Skeleton
In many computer vision applications we often have to deal with huge amounts of data: processing can therefore be slow and requires a lot of memory.
In order to achieve faster processing and a smaller memory footprint, we sometimes use a more compact representation called a skeleton.
A skeleton must preserve the structure of the shape but all redundant pixels should be removed.
Here is a skeleton of the letter "B":
In this article we will present how to compute a morphological skeleton with the library OpenCV.
The skeleton obtained is far from perfect but it is a really simple method compared to other existing algorithms.
Pseudocode
As described on Wikipedia, a morphological skeleton can be computed using only the two basic morphological operations: dilate and erode.
In pseudo code, the algorithm works as follow:
img = ...; while (not_empty(img)) { skel = skel | (img & !open(img)); img = erosion(img); } |
At each iteration the image is eroded again and the skeleton is refined by computing the union of the current erosion less the opening of this erosion. An opening is simply an erosion followed by a dilation.
Implementation
It's really straightforward, first load the image to process in grayscale and transform it to a binary image using thresholding:
cv::Mat img = cv::imread("O.png", 0); cv::threshold(img, img, 127, 255, cv::THRESH_BINARY); |
We now need an image to store the skeleton and also a temporary image in order to store intermediate computations in the loop. The skeleton image is filled with black at the beginning.
cv::Mat skel(img.size(), CV_8UC1, cv::Scalar(0)); cv::Mat temp(img.size(), CV_8UC1); |
We have to declare the structuring element we will use for our morphological operations, here we use a 3x3 cross-shaped structure element (i.e. we use 4-connexity).
cv::Mat element = cv::getStructuringElement(cv::MORPH_CROSS, cv::Size(3, 3)); |
And now the core of the algorithm, the main loop. We need a boolean variable in order to check if there is at least one pixel remaining. Operations are done in-place when possible.

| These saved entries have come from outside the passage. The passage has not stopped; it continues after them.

(* Let $\Bbbk$ be a field of characteristic zero, let $U(3)$ be the associative conformal algebra defined below, and for $\alpha,\Delta\in\Bbbk$ let $M_{(\alpha,\Delta)}$ be the conformal $U(3)$-module defined below. If $\Delta\neq 0$, then \[ \dim_\Bbbk H^1(U(3),M_{(\alpha,\Delta)})=\begin{cases}2, & \Delta=1 \text{ and } \alpha=0,\\ 0, & \text{otherwise.}\end{cases} \]
   Context: A conformal algebra over $\Bbbk$ is a $\Bbbk[\partial]$-module $C$ with a bilinear $\lambda$-product $(a\,{}_{\lambda}\,b)=\sum_{n\ge0}\frac{\lambda^n}{n!}(a\,{}_{(n)}\,b)\in C[\lambda]$ (finitely many nonzero $n$-products) satisfying $(\partial a\,{}_\lambda\, b)=-\lambda(a\,{}_\lambda\, b)$ and $(a\,{}_\lambda\,\partial b)=(\partial+\lambda)(a\,{}_\lambda\, b)$; it is associative if $a\,{}_\lambda(b\,{}_\mu c)=(a\,{}_\lambda b)\,{}_{\lambda+\mu} c$. $U(3)$ is the associative conformal algebra generated by one element $v$ subject to the relations $v\,{}_{(n)}\,v=0$ for all $n\ge 3$ and $2\,v\,{}_{(1)}\,v-\partial(v\,{}_{(2)}\,v)=2v$ (equivalently, the universal associative conformal envelope of the Virasoro Lie conformal algebra $[v\,{}_\lambda\, v]=(\partial+2\lambda)v$ in which $v\,{}_{(n)}\,v=0$ for $n\ge3$). A left conformal module over an associative conformal algebra $C$ is a $\Bbbk[\partial]$-module $M$ with a bilinear map $C\otimes M\to M[\lambda]$, $a\otimes m\mapsto a\,{}_\lambda\, m$, satisfying $(\partial a)\,{}_\lambda m=-\lambda(a\,{}_\lambda m)$, $a\,{}_\lambda\,\partial m=(\partial+\lambda)(a\,{}_\lambda m)$, $a\,{}_\lambda(b\,{}_\mu m)=(a\,{}_\lambda b)\,{}_{\lambda+\mu}m$. For $\alpha,\Delta\in\Bbbk$, $M_{(\alpha,\Delta)}=\Bbbk[\partial]u$ is the free rank-one $\Bbbk[\partial]$-module with $v\,{}_\lambda\, u=(\alpha+\partial+\Delta\lambda)u$; this is a conformal $U(3)$-module for all $\alpha,\Delta$. Hochschild cohomology: the basic complex $\tilde C^n(C,M)$ ($n\ge1$) consists of maps $\varphi_{\bar\lambda}:C^{\otimes n}\to M[\lambda_1,\dots,\lambda_n]$ with $\varphi_{\bar\lambda}(a_1,\dots,\partial a_i,\dots,a_n)=-\lambda_i\varphi_{\bar\lambda}(a_1,\dots,a_n)$, and $\tilde C^0=M$; the differential is $(d\varphi)_{\bar\lambda}(a_1,\dots,a_{n+1})=a_1\,{}_{\lambda_1}\varphi_{(\lambda_2,\dots,\lambda_{n+1})}(a_2,\dots,a_{n+1})+\sum_{i=1}^n(-1)^i\varphi_{(\lambda_1,\dots,\lambda_i+\lambda_{i+1},\dots,\lambda_{n+1})}(a_1,\dots,a_i\,{}_{\lambda_i}a_{i+1},\dots,a_{n+1})$ (for $n=0$: $(dm)_\lambda(a)=a\,{}_\lambda m$). Each $\tilde C^n$ is a $\Bbbk[\partial]$-module via $(\partial\varphi)_{\bar\lambda}=(\partial+\sum_i\lambda_i)\varphi_{\bar\lambda}$, commuting with $d$; $H^n(C,M)$ denotes the cohomology of the reduced Hochschild complex $C^\bullet(C,M)=\tilde C^\bullet(C,M)/\partial\tilde C^\bullet(C,M)$. *)

theory Defs
  imports "HOL-Computational_Algebra.Polynomial"
begin

text \<open>Operations are explicit (not type classes) so that
  several structures on the same type can be compared (universal property).\<close>

record ('k, 'c) conf_alg =
  cadd  :: "'c \<Rightarrow> 'c \<Rightarrow> 'c"
  czero :: "'c"
  cneg  :: "'c \<Rightarrow> 'c"
  csmul :: "'k \<Rightarrow> 'c \<Rightarrow> 'c"
  cder  :: "'c \<Rightarrow> 'c"
  cprod :: "nat \<Rightarrow> 'c \<Rightarrow> 'c \<Rightarrow> 'c"

fun csumn :: "('k, 'c, 'z) conf_alg_scheme \<Rightarrow> (nat \<Rightarrow> 'c) \<Rightarrow> nat \<Rightarrow> 'c" where
  "csumn C f 0 = czero C"
| "csumn C f (Suc n) = cadd C (csumn C f n) (f n)"

definition kspace :: "('k::field, 'c) conf_alg \<Rightarrow> bool" where
  "kspace C \<longleftrightarrow>
     (\<forall>a b c. cadd C (cadd C a b) c = cadd C a (cadd C b c)) \<and>
     (\<forall>a b. cadd C a b = cadd C b a) \<and>
     (\<forall>a. cadd C (czero C) a = a) \<and>
     (\<forall>a. cadd C (cneg C a) a = czero C) \<and>
     (\<forall>r a b. csmul C r (cadd C a b) = cadd C (csmul C r a) (csmul C r b)) \<and>
     (\<forall>r s a. csmul C (r + s) a = cadd C (csmul C r a) (csmul C s a)) \<and>
     (\<forall>r s a. csmul C (r * s) a = csmul C r (csmul C s a)) \<and>
     (\<forall>a. csmul C 1 a = a)"

text \<open>The lambda-product is
  (a_\<lambda> b) = \<Sum>_n \<lambda>^n/n! a_(n) b; the identities of the definition are written
  out coefficientwise in \<lambda> (and \<mu>):
  (\<partial>a)_\<lambda> b = -\<lambda>(a_\<lambda> b)         iff  (\<partial>a)_(0) b = 0, (\<partial>a)_(n+1) b = -(n+1) a_(n) b;
  a_\<lambda> \<partial>b = (\<partial>+\<lambda>)(a_\<lambda> b)      iff  a_(n) \<partial>b = \<partial>(a_(n) b) + n a_(n-1) b;
  a_\<lambda>(b_\<mu> c) = (a_\<lambda> b)_{\<lambda>+\<mu>} c  iff  a_(n)(b_(m) c) = \<Sum>_{i\<le>n} (n choose i) (a_(n-i) b)_(m+i) c.\<close>
definition assoc_conf :: "('k::field_char_0, 'c) conf_alg \<Rightarrow> bool" where
  "assoc_conf C \<longleftrightarrow>
     kspace C \<and>
     \<comment> \<open>k[\<partial>]-module: \<partial> is k-linear\<close>
     (\<forall>a b. cder C (cadd C a b) = cadd C (cder C a) (cder C b)) \<and>
     (\<forall>r a. cder C (csmul C r a) = csmul C r (cder C a)) \<and>
     \<comment> \<open>bilinearity of the n-products\<close>
     (\<forall>n a b c. cprod C n (cadd C a b) c = cadd C (cprod C n a c) (cprod C n b c)) \<and>
     (\<forall>n a b c. cprod C n a (cadd C b c) = cadd C (cprod C n a b) (cprod C n a c)) \<and>
     (\<forall>n r a b. cprod C n (csmul C r a) b = csmul C r (cprod C n a b)) \<and>
     (\<forall>n r a b. cprod C n a (csmul C r b) = csmul C r (cprod C n a b)) \<and>
     \<comment> \<open>locality: finitely many nonzero n-products\<close>
     (\<forall>a b. \<exists>N. \<forall>n\<ge>N. cprod C n a b = czero C) \<and>
     \<comment> \<open>sesquilinearity\<close>
     (\<forall>a b. cprod C 0 (cder C a) b = czero C) \<and>
     (\<forall>n a b. cprod C (Suc n) (cder C a) b = csmul C (- of_nat (Suc n)) (cprod C n a b)) \<and>
     (\<forall>a b. cprod C 0 a (cder C b) = cder C (cprod C 0 a b)) \<and>
     (\<forall>n a b. cprod C (Suc n) a (cder C b) =
              cadd C (cder C (cprod C (Suc n) a b)) (csmul C (of_nat (Suc n)) (cprod C n a b))) \<and>
     \<comment> \<open>associativity\<close>
     (\<forall>n m a b c. cprod C n a (cprod C m b c) =
        csumn C (\<lambda>i. csmul C (of_nat (n choose i)) (cprod C (m + i) (cprod C (n - i) a b) c)) (Suc n))"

bool done; do { cv::morphologyEx(img, temp, cv::MORPH_OPEN, element); cv::bitwise_not(temp, temp); cv::bitwise_and(img, temp, temp); cv::bitwise_or(skel, temp, skel); cv::erode(img, img, element); double max; cv::minMaxLoc(img, 0, &max); done = (max == 0); } while (!done); |
The use of the minMaxLoc function deserves an explanation. We want to check if there is still at least one pixel in the image, unfortunately I have not found a function for this task in OpenCV, therefore I just check if the maximum value is 0. minMaxLoc stores the minimum value in the second parameter (ignored if NULL pointer) and the maximum in the third parameter. A short-circuit OR function would be nice for this task.
The loop is over, we have our skeleton, let's display it!
cv::imshow("Skeleton", skel); cv::waitKey(0); |
Results
On a big "O":
On the word "OpenCV":
Optimization
As discussed with Arthur Kalverboer in the comments below, it is possible to optimize the computation in several ways.
First of all we can notice we perform the open operation and just after we perform an erosion on the same image, but an opening is just an erosion followed by a dilation, so we can perform the erosion and save it to a new image eroded, and at the end of the loop we copy eroded to img.
The second optimization concerns the use of cv::minMaxLoc in order to check if an image still has white pixels, computing the norm (cv::norm) of the image is faster.
EDIT2: Abid Rahman told me the function 'cv::countNonZero' is even faster, I didn't know this function existed, thanks!
Finally the last optimization is to replace the and and not operations by a simple set difference operation (cv::subtract). This works because we only manipulate binary images.
Here is the updated code:
cv::threshold(img, img, 127, 255, cv::THRESH_BINARY); cv::Mat skel(img.size(), CV_8UC1, cv::Scalar(0)); cv::Mat temp; cv::Mat eroded; cv::Mat element = cv::getStructuringElement(cv::MORPH_CROSS, cv::Size(3, 3)); bool done; do { cv::erode(img, eroded, element); cv::dilate(eroded, temp, element); // temp = open(img) cv::subtract(img, temp, temp); cv::bitwise_or(skel, temp, skel); eroded.copyTo(img); done = (cv::countNonZero(img) == 0); } while (!done); |
Also, don't forget to crop your images before processing. The two images I gave as examples are not cropped, cropping them (manually or using OpenCV) also improves execution time.